I am seeking a closed-form (a form in terms of known special functions) to the sum
$$
\sum_{n=0}^\infty\frac{(1/2)_n}{n!}(H_n-H_{n-1/2}).
$$
Context:
I am searching for closed-forms to special cases of the double integral
$$
I(\alpha_1,\alpha_2,\zeta,\nu)=\nu^2\int_0^1\int_0^1
{_2F_1}\left({1+\nu,1+\nu \atop \alpha_1};\frac{(1-x)(1-y)}{(1-(1-\zeta)x)(1-(1-\zeta)y)}\right)

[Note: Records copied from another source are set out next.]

theorem mainTheorem17:
  fixes X :: "'a::metric_space set" and f :: "nat \<Rightarrow> 'a \<Rightarrow> 'a" and m :: nat
  assumes "compact X"
    and "infinite X"
    and "m > 0"
    and "\<And>n. n > 0 \<Longrightarrow> f (n + m) = f n"
    and "\<And>n. n > 0 \<Longrightarrow> continuous_on X (f n)"
    and "\<And>n. n > 0 \<Longrightarrow> f n ` X = X"
    and "aut_transitive X (nas_iter f m)"
    and "aut_dense_periodic X (nas_iter f m)"
  shows "nas_devaney_chaotic X f"
proof -
  have maps_into: "\<And>n. n > 0 \<Longrightarrow> f n ` X \<subseteq> X"
    using assms(6) by simp
  have "aut_sensitive X (nas_iter f m)"
    using continuous_on_nas_iter[OF assms(5) maps_into] nas_iter_image_subset[OF maps_into]
      assms(2,7,8) by (rule aut_sensitive_if_transitive_dense_periodic)
  then show ?thesis
    using assms(3,4,7,8) unfolding nas_devaney_chaotic_def
    by (metis nas_transitive_if_aut_transitive nas_dense_periodic_if_aut_dense_periodic
        nas_sensitive_if_aut_sensitive)
qed

end
lemma xi_coord_add_scale:
  "xi_coord1 (a *s x + b *s y) = a * xi_coord1 x + b * xi_coord1 y"
  "xi_coord2 (a *s x + b *s y) = a * xi_coord2 x + b * xi_coord2 y"
  "xi_coord1 (a *s x) = a * xi_coord1 x"
  "xi_coord2 (a *s x) = a * xi_coord2 x"
  by (simp_all add: xi_coord1_def xi_coord2_def algebra_simps)

lemma xi_coord_xi [simp]:
  "xi_coord1 xi1 = 1" "xi_coord1 xi2 = 0" "xi_coord2 xi1 = 0" "xi_coord2 xi2 = 1"
  by (simp_all add: xi_coord1_def xi_coord2_def) (simp_all add: field_simps inv_sqrt2_sq_mult)

lemma xi_matrix_xi:
  "xi_matrix p q r s *v xi1 = p *s xi1 + r *s xi2"
  "xi_matrix p q r s *v xi2 = q *s xi1 + s *s xi2"
  by (simp_all add: vec2_eq_iff matrix_vector_mult_2_nth) (simp_all add: field_simps inv_sqrt2_sq)

lemma xi_coord_xi_matrix:
  "xi_coord1 (xi_matrix p q r s *v x) = p * xi_coord1 x + q * xi_coord2 x"
  "xi_coord2 (xi_matrix p q r s *v x) = r * xi_coord1 x + s * xi_coord2 x"
  by (simp_all add: xi_coord1_def xi_coord2_def matrix_vector_mult_2_nth) (simp_all add: field_simps)

lemma B11_xi_coord: "B11 x y = xi_coord1 x * cnj (xi_coord2 y) + xi_coord2 x * cnj (xi_coord1 y)"
  unfolding B11_def xi_coord1_def xi_coord2_def
  by (simp add: inv_sqrt2_def field_simps flip: of_real_mult)

lemma xi_matrix_of_xi_coord:
  "(A::complex^2^2) = xi_matrix (xi_coord1 (A *v xi1)) (xi_coord1 (A *v xi2))
                                (xi_coord2 (A *v xi1)) (xi_coord2 (A *v xi2))"
  by (simp add: mat2_eq_iff xi_coord1_def xi_coord2_def matrix_vector_mult_2_nth)
    (simp_all add: field_simps inv_sqrt2_sq inv_sqrt2_sq_mult)

lemma xi_matrix_mult:
  "xi_matrix p q r s ** xi_matrix p' q' r' s' =
     xi_matrix (p * p' + q * r') (p * q' + q * s') (r * p' + s * r') (r * q' + s * s')"
  by (simp add: mat2_eq_iff matrix_matrix_mult_def sum_2) (simp_all add: field_simps)

lemma det_xi_matrix: "det (xi_matrix p q r s) = p * s - q * r"
  by (simp add: det_2) (simp add: field_simps)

{_2F_1}\left({1-\nu,1-\nu \atop \alpha_2};(1-x)(1-y)\right)\left((1-(1-\zeta)x)(1-(1-\zeta)y\right)^{-\nu-1}\,\mathrm dx\mathrm dy,
$$
which converges for $\alpha_1+\alpha_2>2$, $-\alpha_2<2\nu<\alpha_1$. Also, we require $\zeta\geq 0$, $\alpha_1,\alpha_2>0$, and $\nu\in\Bbb R$. This double integral represents the second moment of a continuous random variable I've been studying.

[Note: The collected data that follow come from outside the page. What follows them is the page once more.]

lemma wb_up_phi_inv_nonempty_iff:
  assumes ab: "a \<preceq> b"
  shows "wb_up D le (\<phi> a b) \<noteq> {} \<longleftrightarrow> way_below M (\<preceq>) a b"
proof -
  note x = phi_inv[OF ab]
  have "wb_up D le (\<phi> a b) \<noteq> {} \<longleftrightarrow>
      (\<forall>y\<in>left_fib D left a. y \<sqsubseteq> \<phi> a b \<longrightarrow> way_below (right_fib D right (right y)) le y (right y))"
    using wb_up_nonempty_iff x by simp
  also have "\<dots> \<longleftrightarrow> way_below M (\<preceq>) a b"
  proof
    assume fib: "\<forall>y\<in>left_fib D left a. y \<sqsubseteq> \<phi> a b \<longrightarrow>
      way_below (right_fib D right (right y)) le y (right y)"
    show "way_below M (\<preceq>) a b"
      unfolding way_below_def
    proof (intro conjI allI impI)
      show "a \<in> M" "b \<in> M" using ileq_in_max[OF ab] by blast+
      fix A s assume A: "directed M (\<preceq>) A" "is_sup M (\<preceq>) A s" and "b \<preceq> s"
      then have as: "a \<preceq> s" using ileq_trans[OF ab] by blast
      have "\<phi> a s \<in> left_fib D left a" unfolding left_fib_def using phi_inv[OF as] by simp
      moreover have "\<phi> a s \<sqsubseteq> \<phi> a b"
        using phi_inv_le_iff[OF as ab] ileq_refl ileq_in_max(1)[OF ab] \<open>b \<preceq> s\<close> by blast
      ultimately have "way_below (right_fib D right (right (\<phi> a s))) le (\<phi> a s) (right (\<phi> a s))"
        using fib by blast
      then have "way_below (right_fib D right s) le (\<phi> a s) s" using phi_inv[OF as] by simp
      from way_below_right_fibD[OF this A] show "\<exists>t\<in>A. a \<preceq> t" using phi_inv[OF as] by simp
    qed
  next
    assume wb: "way_below M (\<preceq>) a b"
    show "\<forall>y\<in>left_fib D left a. y \<sqsubseteq> \<phi> a b \<longrightarrow>
      way_below (right_fib D right (right y)) le y (right y)"
    proof (intro ballI impI)
      fix y assume "y \<in> left_fib D left a" and y_below: "y \<sqsubseteq> \<phi> a b"
      then have y: "y \<in> D" "left y = a" unfolding left_fib_def by blast+
      then have "b \<preceq> right y" using le_iff_ileq[OF y(1) x[THEN conjunct1]] y_below x by simp
      then have "way_below M (\<preceq>) (left y) (right y)"
        using way_below_le_trans[OF poset_max wb _ right_max[OF y(1)]] y(2) by simp
      then show "way_below (right_fib D right (right y)) le y (right y)"
        by (rule way_below_right_fibI[OF y(1)])
    qed
  qed
  finally show ?thesis .
qed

Substituting $\alpha_1=1$, $\alpha_2=3/2$, $\zeta=1$, and $\nu=-1/2$, I was able to reduce this double integral to
$$
I(1,3/2,1,-1/2)=\frac{1}{2}\sum_{n=0}^\infty\frac{(1/2)_n}{n!}(H_n-H_{n-1/2}),
$$
where $H_z$ is the Harmonic number. I can provide details to this calculation if desired. But how to proceed? The difference of the harmonic numbers can be reduce to the form $H_n-H_{n-1/2}=a_n+\log 4$, which may be helpful.
Best Answer
From the integral representation \begin{equation} H_p=\int_0^1\frac{1-t^p}{1-t}\,dt \end{equation} we have \begin{align} H_n-H_{n-1/2}&=\int_0^1\frac{t^{n-1/2}-t^n}{1-t}\,dt\\ &=\int_0^1\frac{t^{n-1/2}(1-\sqrt{t})}{1-t}\,dt\\ &=2\int_0^1\frac{u^{2n}}{1+u}\,du \end{align} The proposed series can be written as \begin{align} S&=\sum_{n=0}^\infty\frac{(1/2)_n}{n!}(H_n-H_{n-1/2})\\ &=2\sum_{n=0}^\infty\frac{(1/2)_n}{n!}\int_0^1\frac{u^{2n}}{1+u}\,du \end{align} by swapping integration and summation \begin{align} S&=2\int_0^1\frac{du}{1+u}\sum_{n=0}^\infty\frac{(1/2)_n}{n!}u^{2n}\\ &=2\int_0^1\frac{du}{(1+u)\sqrt{1-u^2}}\\ &=\int_0^1v^{-1/2}\,dv\\ &=2 \end{align} (the last integral was obtained by changing $u=(1-v)/(1+v)$).